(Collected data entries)
[Start of Attachment]

lemma delta_hat_merge_states_unreaching:
  assumes "\<not> reaches D r X" "w \<in> lists (alpha D)"
  shows "delta_hat (merge_states D X Y) r w = delta_hat D r w"
  using assms
proof (induction w arbitrary: r)
  case (Cons a w)
  then have unreaching: "\<not> reaches D (trans D r a) X"
    by (meson reaches_step listsE)
  then have "trans D r a \<noteq> X"
    by auto
  with Cons unreaching show ?case
    by (simp add: redirect_def)
qed simp

lemma delta_hat_merge_states_cases:
  "delta_hat (merge_states D X Y) (redirect X Y r) w = redirect X Y (delta_hat D r w) \<or>
   (\<exists>u v. w = u @ v \<and> delta_hat D r u = X \<and>
      delta_hat (merge_states D X Y) (redirect X Y r) w = delta_hat (merge_states D X Y) Y v)"
proof (induction w arbitrary: r)
  case (Cons a w)
  show ?case
  proof (cases "r = X")
    case True
    then show ?thesis
      by (intro disjI2 exI[of _ "[]"] exI[of _ "a # w"]) (simp add: redirect_def)
  next
    case False
    then have "delta_hat (merge_states D X Y) (redirect X Y r) (a # w) =
               delta_hat (merge_states D X Y) (redirect X Y (trans D r a)) w"
      by (simp add: redirect_def)
    with Cons.IH[of "trans D r a"] show ?thesis
      by (metis append_Cons delta_hat_Cons)
  qed
qed simp

lemma fequiv_lang_merge_states:
  assumes "X \<in> finite_part D" "\<not> reaches D Y X"
    and "fequiv (lang_from D X) (lang_from D Y)"
  shows "fequiv (lang D) (lang (merge_states D X Y))"
proof -
  let ?M = "merge_states D X Y"
  define U where "U = {u \<in> lists (alpha D). delta_hat D (init D) u = X}"
  define \<Delta> where "\<Delta> = (lang_from D X - lang_from D Y) \<union> (lang_from D Y - lang_from D X)"
  have "finite U" using assms(1) by (simp add: finite_part_def U_def)
  moreover have "finite \<Delta>" using assms(3) by (simp add: fequiv_def \<Delta>_def)
  moreover have "w \<in> lang D \<longleftrightarrow> w \<in> lang ?M"
    if w: "w \<in> lists (alpha D)" "w \<notin> U \<union> (\<lambda>(u, v). u @ v) ` (U \<times> \<Delta>)" for w
  proof -
    have lang_M: "w \<in> lang ?M \<longleftrightarrow> delta_hat ?M (redirect X Y (init D)) w \<in> accept D - {X}"
      using w(1) by (simp add: lang_def lang_from_def)
    from delta_hat_merge_states_cases[of D X Y "init D" w] show ?thesis
    proof (elim disjE exE conjE)
      assume "delta_hat ?M (redirect X Y (init D)) w = redirect X Y (delta_hat D (init D) w)"
      moreover have "delta_hat D (init D) w \<noteq> X" using w by (simp add: U_def)
      ultimately show ?thesis
        using w(1) lang_M by (simp add: lang_def lang_from_def redirect_def)
    next
      fix u v
      assume uv: "w = u @ v" "delta_hat D (init D) u = X"
        and run: "delta_hat ?M (redirect X Y (init D)) w = delta_hat ?M Y v"
      have v: "v \<in> lists (alpha D)" and "u \<in> U" using w(1) uv by (auto simp: U_def)
      then have "v \<notin> \<Delta>" using w uv by blast
      moreover have "w \<in> lang D \<longleftrightarrow> v \<in> lang_from D X"
        using w(1) uv v by (simp add: lang_def lang_from_def delta_hat_append)
      moreover have "delta_hat ?M Y v = delta_hat D Y v" "delta_hat D Y v \<noteq> X"
        using delta_hat_merge_states_unreaching[OF assms(2) v] assms(2) v
        by (auto simp: reaches_def)
      then have "w \<in> lang ?M \<longleftrightarrow> v \<in> lang_from D Y"
        using lang_M run v by (simp add: lang_from_def)
      ultimately show ?thesis by (auto simp: \<Delta>_def)
    qed
  qed
  then have "(lang D - lang ?M) \<union> (lang ?M - lang D) \<subseteq> U \<union> (\<lambda>(u, v). u @ v) ` (U \<times> \<Delta>)"
    by (auto simp: lang_def lang_from_def)
  ultimately show ?thesis
    unfolding fequiv_def by (blast intro: finite_subset)
qed
(* Let $\alpha_{2,3} := \sum_{m=1}^{\infty} \frac{1}{3^m 2^{3^m}}$ (the Stoneham number). Then the sequence $(\{2^n \alpha_{2,3}\})_{n \in \mathbb{N}}$ does not have Poissonian pair correlations.
   Context: $\{x\}$ denotes the fractional part of $x$ and $\|x\|$ the distance from $x$ to the nearest integer. A sequence $(x_n)_{n\in\mathbb{N}}$ in $[0,1)$ has Poissonian pair correlations if for every $s \geq 0$, $F_N(s) := \frac{1}{N}\#\{1 \leq l \neq m \leq N : \|x_l - x_m\| \leq s/N\} \to 2s$ as $N\to\infty$. *)

theory Defs
  imports "HOL-Analysis.Analysis"
begin

definition dist_int :: "real \<Rightarrow> real" where
  "dist_int x = min (frac x) (1 - frac x)"

definition pair_corr :: "(nat \<Rightarrow> real) \<Rightarrow> nat \<Rightarrow> real \<Rightarrow> real" where
  "pair_corr x N s = real (card {(l, m). l \<in> {1..N} \<and> m \<in> {1..N} \<and> l \<noteq> m \<and>
      dist_int (x l - x m) \<le> s / real N}) / real N"

definition poissonian_pair_correlations :: "(nat \<Rightarrow> real) \<Rightarrow> bool" where
  "poissonian_pair_correlations x \<longleftrightarrow>
     (\<forall>s::real. s \<ge> 0 \<longrightarrow> (\<lambda>N. pair_corr x N s) \<longlonglongrightarrow> 2 * s)"

definition stoneham_2_3 :: real where
  "stoneham_2_3 = (\<Sum>m. 1 / (3 ^ (m + 1) * 2 ^ (3 ^ (m + 1))))"

end

theory Submission
  imports Defs "HOL-Number_Theory.Cong"
begin

(* The m-th term of the Stoneham number has denominator 3^m 2^(3^m), and 2^(2*3^K) = 1
   modulo 3^(K+1). Hence for N = 3^(K+2), all n in a window of length N/3 and the shift
   d = 2*3^K, the points 2^(n+d) alpha and 2^n alpha agree modulo 1 up to the tail of the
   series, which is far below 1/(8N). So F_N(1/8) >= 1/3 for these N, whereas Poissonian
   pair correlations would force F_N(1/8) -> 1/4. *)

lemma dist_int_le_of_diff_Ints:
  assumes "y - \<delta> \<in> \<int>" "0 \<le> \<delta>" "\<delta> < 1"
  shows "dist_int y \<le> \<delta>"
proof -
  have "frac y = \<delta>"
    using assms by (simp add: frac_unique_iff)
  then show ?thesis
    by (simp add: dist_int_def)
qed

lemma dist_int_frac_diff: "dist_int (frac a - frac b) = dist_int (a - b)"
proof -
  have "frac a - frac b = (a - b) + of_int (\<lfloor>b\<rfloor> - \<lfloor>a\<rfloor>)"
    by (simp add: frac_def)
  then show ?thesis
    by (simp only: dist_int_def frac_add_of_int_right)
qed

lemma pair_corr_ge_card_shift_pairs:
  assumes "0 < d" "1 \<le> a" "b + d \<le> N"
    and "\<And>n. n \<in> {a..b} \<Longrightarrow> dist_int (x (n + d) - x n) \<le> s / real N"
  shows "real (card {a..b}) / real N \<le> pair_corr x N s"
proof -
  define P where "P = {(l, m). l \<in> {1..N} \<and> m \<in> {1..N} \<and> l \<noteq> m \<and>
      dist_int (x l - x m) \<le> s / real N}"
  have "(\<lambda>n. (n + d, n)) ` {a..b} \<subseteq> P"
    using assms by (auto simp: P_def)
  moreover have "finite P"
    by (rule finite_subset[of _ "{1..N} \<times> {1..N}"]) (auto simp: P_def)
  moreover have "inj_on (\<lambda>n. (n + d, n)) {a..b}"
    by (rule inj_onI) auto
  ultimately have "card {a..b} \<le> card P"
    by (metis card_image card_mono)
  then show ?thesis
    unfolding pair_corr_def P_def[symmetric] by (intro divide_right_mono) auto
qed

lemma power_prime_power_minus_one_dvd:
  fixes a :: int and p :: nat
  assumes "int p dvd a - 1"
  shows "int p ^ (k + 1) dvd a ^ (p ^ k) - 1"
proof (induction k)
  case 0
  then show ?case using assms by simp
next
  case (Suc k)
  define b where "b = a ^ (p ^ k)"
  have "[b = 1] (mod int p)"
    using Suc.IH dvd_trans[of "int p" "int p ^ (k + 1)"] by (simp add: b_def cong_iff_dvd_diff)
  then have "[(\<Sum>i<p. b ^ i) = (\<Sum>i<p. 1)] (mod int p)"
    by (intro cong_sum) (metis cong_pow power_one)
  then have "int p dvd (\<Sum>i<p. b ^ i)"
    by (simp add: cong_0_iff cong_dvd_iff)
  then have "int p ^ (k + 1) * int p dvd (b - 1) * (\<Sum>i<p. b ^ i)"
    using Suc.IH by (simp add: b_def mult_dvd_mono)
  moreover have "a ^ (p ^ Suc k) = b ^ p"
    by (simp add: b_def power_mult[symmetric] mult.commute)
  ultimately show ?case
    by (simp add: power_diff_1_eq mult_ac)
qed

lemma three_pow_dvd_two_pow_minus_one:
  assumes "j \<le> K"
  shows "(3::int) ^ (j + 1) dvd 2 ^ (2 * 3 ^ K) - 1"
proof -
  have "(3::int) ^ (j + 1) dvd 3 ^ (K + 1)"
    using assms by (simp add: le_imp_power_dvd)
  moreover have "(3::int) ^ (K + 1) dvd 4 ^ (3 ^ K) - 1"
    using power_prime_power_minus_one_dvd[of 3 4 K] by simp
  moreover have "(4::int) ^ (3 ^ K) = 2 ^ (2 * 3 ^ K)"
    by (simp add: power_mult)
  ultimately show ?thesis
    using dvd_trans by metis
qed

definition stoneham_term :: "nat \<Rightarrow> real" where
  "stoneham_term j = 1 / (3 ^ (j + 1) * 2 ^ (3 ^ (j + 1)))"

lemma stoneham_2_3_eq_suminf: "stoneham_2_3 = (\<Sum>j. stoneham_term j)"
  by (simp add: stoneham_2_3_def stoneham_term_def)

lemma stoneham_term_nonneg: "0 \<le> stoneham_term j"
  by (simp add: stoneham_term_def)

lemma three_pow_add_ge: "3 ^ k + j \<le> (3::nat) ^ (k + j)"
proof (induction j)
  case (Suc j)
  then show ?case
    using one_le_power[of "3::nat" "k + j"] by (simp; linarith)
qed simp

lemma stoneham_term_shift_le: "stoneham_term (j + k) \<le> (1/2) ^ (3 ^ (k + 1)) * (1/2) ^ j"
proof -
  have "stoneham_term (j + k) \<le> 1 / 2 ^ (3 ^ (j + k + 1))"
    unfolding stoneham_term_def
    using mult_right_mono[OF one_le_power[of "3::real" "j + k + 1"], of "2 ^ (3 ^ (j + k + 1))"]
    by (intro divide_left_mono) auto
  also have "\<dots> = (1/2) ^ (3 ^ (k + 1 + j))"
    by (simp add: power_one_over ac_simps)
  also have "\<dots> \<le> (1/2) ^ (3 ^ (k + 1) + j)"
    by (intro power_decreasing three_pow_add_ge) auto
  finally show ?thesis
    by (simp add: power_add)
qed

lemma summable_stoneham_term_shift: "summable (\<lambda>j. stoneham_term (j + k))"
proof (rule summable_comparison_test')
  show "summable (\<lambda>j. (1/2) ^ (3 ^ (k + 1)) * (1/2::real) ^ j)"
    by (intro summable_mult summable_geometric) auto
  show "norm (stoneham_term (j + k)) \<le> (1/2) ^ (3 ^ (k + 1)) * (1/2) ^ j" for j
    using stoneham_term_shift_le stoneham_term_nonneg by simp
qed

lemma stoneham_tail_le: "(\<Sum>j. stoneham_term (j + k)) \<le> 2 * (1/2) ^ (3 ^ (k + 1))"
proof -
  have "(\<Sum>j. stoneham_term (j + k)) \<le> (\<Sum>j. (1/2) ^ (3 ^ (k + 1)) * (1/2::real) ^ j)"
    by (intro suminf_le stoneham_term_shift_le summable_stoneham_term_shift
        summable_mult summable_geometric) auto
  also have "\<dots> = (1/2) ^ (3 ^ (k + 1)) * 2"
    by (subst suminf_mult) (auto simp: suminf_geometric)
  finally show ?thesis
    by simp
qed

lemma stoneham_term_times_multiple_Ints:
  assumes "3 ^ (j + 1) \<le> n" "(3::int) ^ (j + 1) dvd m"
  shows "2 ^ n * of_int m * stoneham_term j \<in> \<int>"
proof -
  define e :: nat where "e = 3 ^ (j + 1)"
  obtain c where c: "of_int m = (3::real) ^ (j + 1) * of_int c"
    using assms(2) by fastforce
  have "(2::real) ^ n = 2 ^ (n - e) * 2 ^ e"
    using assms(1) by (simp add: e_def power_add[symmetric])
  moreover have "stoneham_term j = 1 / (3 ^ (j + 1) * 2 ^ e)"
    by (simp add: stoneham_term_def e_def)
  ultimately have "2 ^ n * of_int m * stoneham_term j = 2 ^ (n - e) * of_int c"
    by (simp add: c)
  then show ?thesis
    by simp
qed

(* Since 2^(2*3^K) = 1 mod 3^(K+1), shifting n by 2*3^K changes the first K + 1 terms of
   2^n * stoneham_2_3 only by integers; all that moves modulo 1 is the doubly exponentially
   small tail. *)
lemma stoneham_shift_diff:
  assumes "3 ^ (K + 1) \<le> n"
  obtains \<delta> where
    "2 ^ (n + 2 * 3 ^ K) * stoneham_2_3 - 2 ^ n * stoneham_2_3 - \<delta> \<in> \<int>"
    "0 \<le> \<delta>" "\<delta> \<le> 2 ^ (n + 2 * 3 ^ K + 1) * (1/2) ^ (3 ^ (K + 2))"
proof
  define m :: int where "m = 2 ^ (2 * 3 ^ K) - 1"
  define T where "T = (\<Sum>j. stoneham_term (j + (K + 1)))"
  have split: "stoneham_2_3 = T + (\<Sum>j<K + 1. stoneham_term j)"
    unfolding stoneham_2_3_eq_suminf T_def
    by (rule suminf_split_initial_segment) (use summable_stoneham_term_shift[of 0] in simp)
  have T_nonneg: "0 \<le> T"
    unfolding T_def by (intro suminf_nonneg summable_stoneham_term_shift stoneham_term_nonneg)
  have shift: "2 ^ (n + 2 * 3 ^ K) * y - 2 ^ n * y = 2 ^ n * of_int m * y" for y :: real
    by (simp add: m_def power_add algebra_simps)
  have "2 ^ (n + 2 * 3 ^ K) * stoneham_2_3 - 2 ^ n * stoneham_2_3 - 2 ^ n * of_int m * T
      = 2 ^ n * of_int m * (\<Sum>j<K + 1. stoneham_term j)"
    unfolding shift split by (simp add: algebra_simps)
  also have "\<dots> = (\<Sum>j<K + 1. 2 ^ n * of_int m * stoneham_term j)"
    by (rule sum_distrib_left)
  also have "\<dots> \<in> \<int>"
  proof (rule Ints_sum)
    fix j
    assume "j \<in> {..<K + 1}"
    then have "j \<le> K"
      by simp
    then have "3 ^ (j + 1) \<le> (3::nat) ^ (K + 1)"
      by (intro power_increasing) auto
    with assms have "3 ^ (j + 1) \<le> n"
      by linarith
    then show "2 ^ n * of_int m * stoneham_term j \<in> \<int>"
      by (rule stoneham_term_times_multiple_Ints)
        (use three_pow_dvd_two_pow_minus_one[OF \<open>j \<le> K\<close>] in \<open>simp add: m_def\<close>)
  qed
  finally show "2 ^ (n + 2 * 3 ^ K) * stoneham_2_3 - 2 ^ n * stoneham_2_3 - 2 ^ n * of_int m * T \<in> \<int>" .
  show "0 \<le> 2 ^ n * of_int m * T"
    using T_nonneg by (simp add: m_def)
  have "2 ^ n * of_int m * T \<le> 2 ^ (n + 2 * 3 ^ K) * T"
    using T_nonneg by (simp add: m_def power_add algebra_simps)
  also have "\<dots> \<le> 2 ^ (n + 2 * 3 ^ K) * (2 * (1/2) ^ (3 ^ (K + 2)))"
    using stoneham_tail_le[of "K + 1"] by (simp add: T_def)
  finally show "2 ^ n * of_int m * T \<le> 2 ^ (n + 2 * 3 ^ K + 1) * (1/2) ^ (3 ^ (K + 2))"
    by simp
qed

lemma stoneham_pair_close:
  assumes "3 ^ (K + 1) \<le> n" "n + 2 * 3 ^ K + 2 * K + 8 \<le> 3 ^ (K + 2)"
  shows "dist_int (frac (2 ^ (n + 2 * 3 ^ K) * stoneham_2_3) - frac (2 ^ n * stoneham_2_3))
    \<le> (1/8) / 3 ^ (K + 2)"
proof -
  define N :: nat where "N = 3 ^ (K + 2)"
  define e where "e = n + 2 * 3 ^ K + 1"
  obtain \<delta> where diff: "2 ^ (n + 2 * 3 ^ K) * stoneham_2_3 - 2 ^ n * stoneham_2_3 - \<delta> \<in> \<int>"
    and "0 \<le> \<delta>" and "\<delta> \<le> 2 ^ e * (1/2) ^ N"
    using stoneham_shift_diff[OF assms(1)] by (metis N_def e_def)
  have "e + (2 * K + 7) \<le> N"
    using assms(2) by (simp add: e_def N_def)
  then have "2 ^ e * (1/2::real) ^ N \<le> 2 ^ e * (1/2) ^ (e + (2 * K + 7))"
    by (intro mult_left_mono power_decreasing) auto
  also have "\<dots> = (1/2) ^ (2 * K + 7)"
    by (simp add: power_add power_one_over)
  also have "\<dots> = 1 / (128 * 4 ^ K)"
    by (simp add: power_add power_mult power_one_over)
  also have "\<dots> \<le> 1 / (72 * 3 ^ K)"
  proof -
    have "(3::real) ^ K \<le> 4 ^ K"
      by (rule power_mono) auto
    then have "72 * (3::real) ^ K \<le> 128 * 4 ^ K"
      using zero_le_power[of "3::real" K] by linarith
    then show ?thesis
      by (rule divide_left_mono) auto
  qed
  also have "\<dots> = (1/8) / 3 ^ (K + 2)"
    by simp
  finally have small: "\<delta> \<le> (1/8) / 3 ^ (K + 2)"
    using \<open>\<delta> \<le> 2 ^ e * (1/2) ^ N\<close> by linarith
  moreover have "(1/8::real) / 3 ^ (K + 2) \<le> 1/8"
    using one_le_power[of "3::real" "K + 2"] by (simp add: divide_le_eq)
  ultimately have "\<delta> < 1"
    by linarith
  with diff \<open>0 \<le> \<delta>\<close>
  have "dist_int (2 ^ (n + 2 * 3 ^ K) * stoneham_2_3 - 2 ^ n * stoneham_2_3) \<le> \<delta>"
    by (rule dist_int_le_of_diff_Ints)
  then show ?thesis
    using small by (simp add: dist_int_frac_diff)
qed

lemma three_pow_ge_linear: "3 \<le> K \<Longrightarrow> 2 * K + 7 \<le> (3::nat) ^ K"
  by (induction K rule: dec_induct) simp_all

lemma stoneham_pair_corr_ge:
  assumes "3 \<le> K"
  shows "1/3 \<le> pair_corr (\<lambda>n. frac (2 ^ n * stoneham_2_3)) (3 ^ (K + 2)) (1/8)"
proof -
  define a :: nat where "a = 3 ^ (K + 1)"
  define b :: nat where "b = 3 ^ (K + 2) - 2 * 3 ^ K - 2 * K - 8"
  have linear: "2 * K + 7 \<le> 3 ^ K"
    using three_pow_ge_linear[OF assms] .
  have count: "3 * 3 ^ K \<le> card {a..b}"
    using linear by (simp add: a_def b_def)
  have "1/3 = real (3 * 3 ^ K) / real (3 ^ (K + 2))"
    by simp
  also have "\<dots> \<le> real (card {a..b}) / real (3 ^ (K + 2))"
    by (intro divide_right_mono of_nat_mono count) simp
  also have "\<dots> \<le> pair_corr (\<lambda>n. frac (2 ^ n * stoneham_2_3)) (3 ^ (K + 2)) (1/8)"
  proof (rule pair_corr_ge_card_shift_pairs)
    fix n
    assume "n \<in> {a..b}"
    then have "3 ^ (K + 1) \<le> n" "n + 2 * 3 ^ K + 2 * K + 8 \<le> 3 ^ (K + 2)"
      using linear by (auto simp: a_def b_def)
    from stoneham_pair_close[OF this]
    show "dist_int (frac (2 ^ (n + 2 * 3 ^ K) * stoneham_2_3) - frac (2 ^ n * stoneham_2_3))
        \<le> (1/8) / real (3 ^ (K + 2))"
      by simp
  qed (use linear in \<open>auto simp: a_def b_def\<close>)
  finally show ?thesis .
qed

theorem theorem3:
  shows "\<not> poissonian_pair_correlations (\<lambda>n. frac (2 ^ n * stoneham_2_3))"
proof
  define F where "F N = pair_corr (\<lambda>n. frac (2 ^ n * stoneham_2_3)) N (1/8)" for N
  assume "poissonian_pair_correlations (\<lambda>n. frac (2 ^ n * stoneham_2_3))"
  then have "F \<longlonglongrightarrow> 2 * (1/8)"
    unfolding poissonian_pair_correlations_def F_def by (auto dest: spec[of _ "1/8"])
  moreover have "strict_mono (\<lambda>K. 3 ^ (K + 5) :: nat)"
    by (rule strict_monoI) simp
  ultimately have "(\<lambda>K. F (3 ^ (K + 5))) \<longlonglongrightarrow> 2 * (1/8)"
    using LIMSEQ_subseq_LIMSEQ by (auto simp: comp_def)
  moreover have "1/3 \<le> F (3 ^ (K + 5))" for K
    using stoneham_pair_corr_ge[of "K + 3"] by (simp add: F_def ac_simps)
  ultimately have "1/3 \<le> 2 * (1/8::real)"
    using LIMSEQ_le_const by blast
  then show False
    by simp
qed

end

[End of Attachment]

** Required work **
Find every line in the records above that contains the word "intro", and copy each one.

** Written reply **
      by (intro disjI2 exI[of _ "[]"] exI[of _ "a # w"]) (simp add: redirect_def)
    unfolding fequiv_def by (blast intro: finite_subset)
    unfolding pair_corr_def P_def[symmetric] by (intro divide_right_mono) auto
    by (intro cong_sum) (metis cong_pow power_one)
    by (intro divide_left_mono) auto
    by (intro power_decreasing three_pow_add_ge) auto
    by (intro summable_mult summable_geometric) auto
    by (intro suminf_le stoneham_term_shift_le summable_stoneham_term_shift
    unfolding T_def by (intro suminf_nonneg summable_stoneham_term_shift stoneham_term_nonneg)
      by (intro power_increasing) auto
    by (intro mult_left_mono power_decreasing) auto
    by (intro divide_right_mono of_nat_mono count) simp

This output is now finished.